Джемма сердито смахнула слезу.

— Но ведь ты только что презрительно насмехался над безвкусным времяпровождением!

— Что поделаешь, я не создан для светской жизни.

Что оставалось делать? Признаться, что глупо поверила в способность мужа влюбиться?

Джемма прислонилась затылком к темному прохладному стеклу. Разве Элайджа виноват в том, что ставит честь превыше всего? Наверное, подобное отношение к ценностям жизни достойно признания. Да, мир действительно восхищался благородством герцога Бомона.

Она открыла глаза и взглянула на своего красивого, достойного, всеми уважаемого мужа. Того самого глупца, который намеревался передать ее с рук на руки Вильерсу, словно посылку, которую страшно оставить под дождем.

— Прости за то, что доставил столько страданий — тихо, искренне произнес он.

— Страданий, — повторила Джемма и в который раз тяжело вздохнула, пытаясь прогнать застрявший в горле ком. — Наверное, страдания прилагаются к умирающему мужу. — Слова прозвучали так горько и безжалостно, что герцог поморщился.

— Не хочу, чтобы наши отношения зашли в тупик. Я думал, мы…

— Что? — нетерпеливо уточнила Джемма.

Он не ответил. Глаза сейчас казались такими же черными, как полночное небо, — слишком красивыми для мужчины.

— Я для тебя всего лишь приложение к титулу и поместью, — горестно продолжала упрекать Джемма. — Корова, которую ничего не стоит отдать соседу.

— Только не надо впадать в истерику…

Она не позволила договорить:

— Будь добр, не перебивай. Поскольку главной жизненной ценностью у тебя считается работа, вопрос о наследнике не может стоять остро. Вот уже больше года тебе известно, что твое сердце может в любую минуту остановиться, и все же ты отказался встретиться со мной в постели по окончания шахматного матча с Вильерсом.

Герцог насупился.

— Исключительно в интересах ребенка. Не хочу, чтобы все вокруг подозревали, что в венах моего наследника течет чужая кровь.

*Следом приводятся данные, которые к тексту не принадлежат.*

(* Let $\hbar_1\in[-1,1]\setminus\{0\}$ and let $\hbar\in[-1,1]$ have the same sign as $\hbar_1$. Let $\delta_1,\delta_2\in(0,1)$ satisfy $\hbar(1-\delta_1)=\hbar_1(1-\delta_2)$. Then $F$ restricts to a diffeomorphism $F:\tilde V_{\delta_1}\to\tilde V_{\delta_2}$ with $|\det d_qF|=(\hbar/\hbar_1)^{n|l|}$ for all $q\in\tilde V_{\delta_1}$ (here $|l|$ is the number of edges of $l$ and $d_qF$ is viewed as an endomorphism of $(\mathbb{R}^n)^m$). Moreover, if $q\in G^m$ and $\xi\in(\mathbb{R}^n)^l$ are such that $q+tS^{ml}(\hbar_1\xi)\in\tilde V_{\delta_1}$ for all $t\in[0,1]$, then $$F(q+S^{ml}(\hbar_1\xi))=F(q)+S^{ml}(\hbar\xi).$$
   Context: Fix integers $n,D\ge1$. $G=\mathbb{T}^n=\mathbb{R}^n/\mathbb{Z}^n$; for a finite set $S$ and $x\in(\mathbb{R}^n)^S$, $[x]\in G^S$ is its class mod $(\mathbb{Z}^n)^S$; for $q\in G^S$, $X\in(\mathbb{R}^n)^S$, $q+X:=q+[X]$. $G^S$ carries normalized Haar measure. Lattices. A lattice is a finite set $l\subseteq\mathbb{R}^D\times\mathbb{R}^D$ of edges $e=(x,y)$ with $x<y$ lexicographically, distinct edges meeting at most at endpoints; $d_e=\|y-x\|$. $l\le m$ means every $e=(x_1,x_2)\in l$ is subdivided in $m$: there are $N\ge0$, $0<t_1<\dots<t_N<1$ with $y_0=x_1$, $y_s=(1-t_s)x_1+t_sx_2$, $y_{N+1}=x_2$, and all pieces $e_s=(y_{s-1},y_s)\in m$. For $R\in\mathbb{N}$, $l^R$ is obtained by subdividing every edge of $l$ into $R$ edges of equal length. For $l\le m$, $\gamma^{\mathrm{conf}}_{lm}:G^m\to G^l$, $\gamma^{\mathrm{conf}}_{lm}(q)_e=\sum_sq_{e_s}$; the linear map $S^{ml}:(\mathbb{R}^n)^l\to(\mathbb{R}^n)^m$ is $S^{ml}(\xi)_{e_s}=\frac{d_{e_s}}{d_e}\xi_e$ on pieces $e_s$ of $e\in l$ and $0$ on edges of $m$ that are not pieces of edges of $l$. Fix a lattice $l$, $R\in\mathbb{N}$, and a lattice $m$ obtained from $l^R$ by subdivisions only. For each $e\in l$ choose one piece $e'\in l^R$ of $e$ and let $\chi_{ll^R}:G^{l^R}\to G^l$, $\chi_{ll^R}(q)_e=q_{e'}$; let $\varphi:=\chi_{ll^R}\circ\gamma^{\mathrm{conf}}_{l^Rm}:G^m\to G^l$ (a smooth group homomorphism with $\varphi[S^{ml}(X)]=[X/R]$). For $\delta\ge0$ let $U_\delta:=\{\xi\in(\mathbb{R}^n)^l:\xi_e\in(-\tfrac12+\tfrac12\delta,\tfrac12-\tfrac12\delta)^n\ \forall e\in l\}$, $V_\delta:=\{[\xi]:\xi\in U_\delta\}\subseteq G^l$ and $\tilde V_\delta:=\varphi^{-1}(V_\delta)\subseteq G^m$. Define $\underline\varphi:\tilde V_0\to U_0$ by $\underline\varphi(q)=\xi$ where $\xi\in U_0$ is the unique element with $\varphi(q)=[\xi]$. Given $\hbar_1,\hbar$ as in the claim, define $F:\tilde V_0\to G^m$ by $F(q):=q+R\big(\frac{\hbar}{\hbar_1}-1\big)S^{ml}(\underline\varphi(q))$. *)

theory Defs
  imports "HOL-Analysis.Analysis"
begin

type_synonym 'd pt = "real ^ 'd"
type_synonym 'd edge = "'d pt \<times> 'd pt"

text \<open>Configurations: an element of (R^n)^S is represented by a function on edges
  (only its values on S matter). A point of the torus G = T^n = R^n/Z^n is represented
  by its unique representative in [0,1)^n; an element of G^S by a function that takes
  such representatives on S and is 0 off S.\<close>
type_synonym ('d,'n) cfg = "'d edge \<Rightarrow> real ^ 'n"

definition lex_less :: "(real, 'd::{finite,linorder}) vec \<Rightarrow> (real, 'd) vec \<Rightarrow> bool" where
  "lex_less x y \<longleftrightarrow> (\<exists>i. x $ i < y $ i \<and> (\<forall>j<i. x $ j = y $ j))"

definition elen :: "('d::finite) edge \<Rightarrow> real" where
  "elen e = norm (snd e - fst e)"

definition seg :: "('d::finite) edge \<Rightarrow> 'd pt set" where
  "seg e = closed_segment (fst e) (snd e)"

definition lattice :: "('d::{finite,linorder}) edge set \<Rightarrow> bool" where
  "lattice l \<longleftrightarrow> finite l \<and> (\<forall>e\<in>l. lex_less (fst e) (snd e)) \<and>
     (\<forall>e\<in>l. \<forall>e'\<in>l. e \<noteq> e' \<longrightarrow> seg e \<inter> seg e' \<subseteq> {fst e, snd e} \<inter> {fst e', snd e'})"

definition subdiv :: "('d::finite) edge set \<Rightarrow> 'd edge set \<Rightarrow> bool" where
  "subdiv l m \<longleftrightarrow> (\<forall>e\<in>l. \<exists>(N::nat) (t::nat \<Rightarrow> real).
      (\<forall>s\<in>{1..N}. 0 < t s \<and> t s < 1) \<and> (\<forall>s\<in>{1..<N}. t s < t (Suc s)) \<and>
      (let y = (\<lambda>s. if s = 0 then fst e else if s = Suc N then snd e
                     else (1 - t s) *\<^sub>R fst e + t s *\<^sub>R snd e)
       in \<forall>s\<in>{1..Suc N}. (y (s - 1), y s) \<in> m))"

— В таком случае позволь сделать заявление столь же прямое, как твой отказ покинуть палату лордов. Я не буду с тобой спать, Элайджа. Я не племенная кобыла, доступная в любую минуту, свободную от общения с премьер-министром и членами парламента.

— Джемма!

Она вопросительно вскинула брови:

— Да?

— Но я страстно желал тебя. — Слова падали, словно капли раскаленного железа. — Я мечтал о тебе, как путник в пустыне мечтает о глотке воды.

Элайджа был не из тех, кто с легкостью готов открыть собственную слабость. Но сейчас, не получив ответа, он поцеловал сначала одну ее ладонь, потом другую. Прикосновение обжигало.

— Мы хотим друг друга.

— Нет, — ледяным тоном отрезала Джемма. — Вернее, да. Мы действительно хотим друг друга, но этого недостаточно.

Элайджа выпустил ее руки. Глаза снова стали непроницаемо-холодными.

— В таком случае добейся меня.

— Что?

— Готов признать великую силу ухаживания изо дня в день наблюдаю ее действие в палате лордов. Не поверишь: чтобы убедить оппонента в ошибочности позиции или доводов, приходится долго и искусно за ним ухаживать. Только так можно доказать, что он совершил грубую ошибку, поддержав работорговлю или увеличение налога на пшеницу. Если ты права, и я действительно напрасно трачу время и силы, убеди меня.

— За те пять минут, которые ты мне уделяешь по пути в палату лордов?

— Сдаешься?

Джемма прищурилась.

— А мне казалось, что ты никогда не складываешь руки; всегда и во всем стремишься к победе. Считал тебя равной себе.

— Я не умею творить чудеса.

— Готов дать тебе время и отказаться от участия в некоторых комиссиях. — Муж безжалостно сверлил ее взглядам, и Джемма металась между неутешным горем и раздражением. — Хочу получить то же самое, что ты даешь Вильерсу.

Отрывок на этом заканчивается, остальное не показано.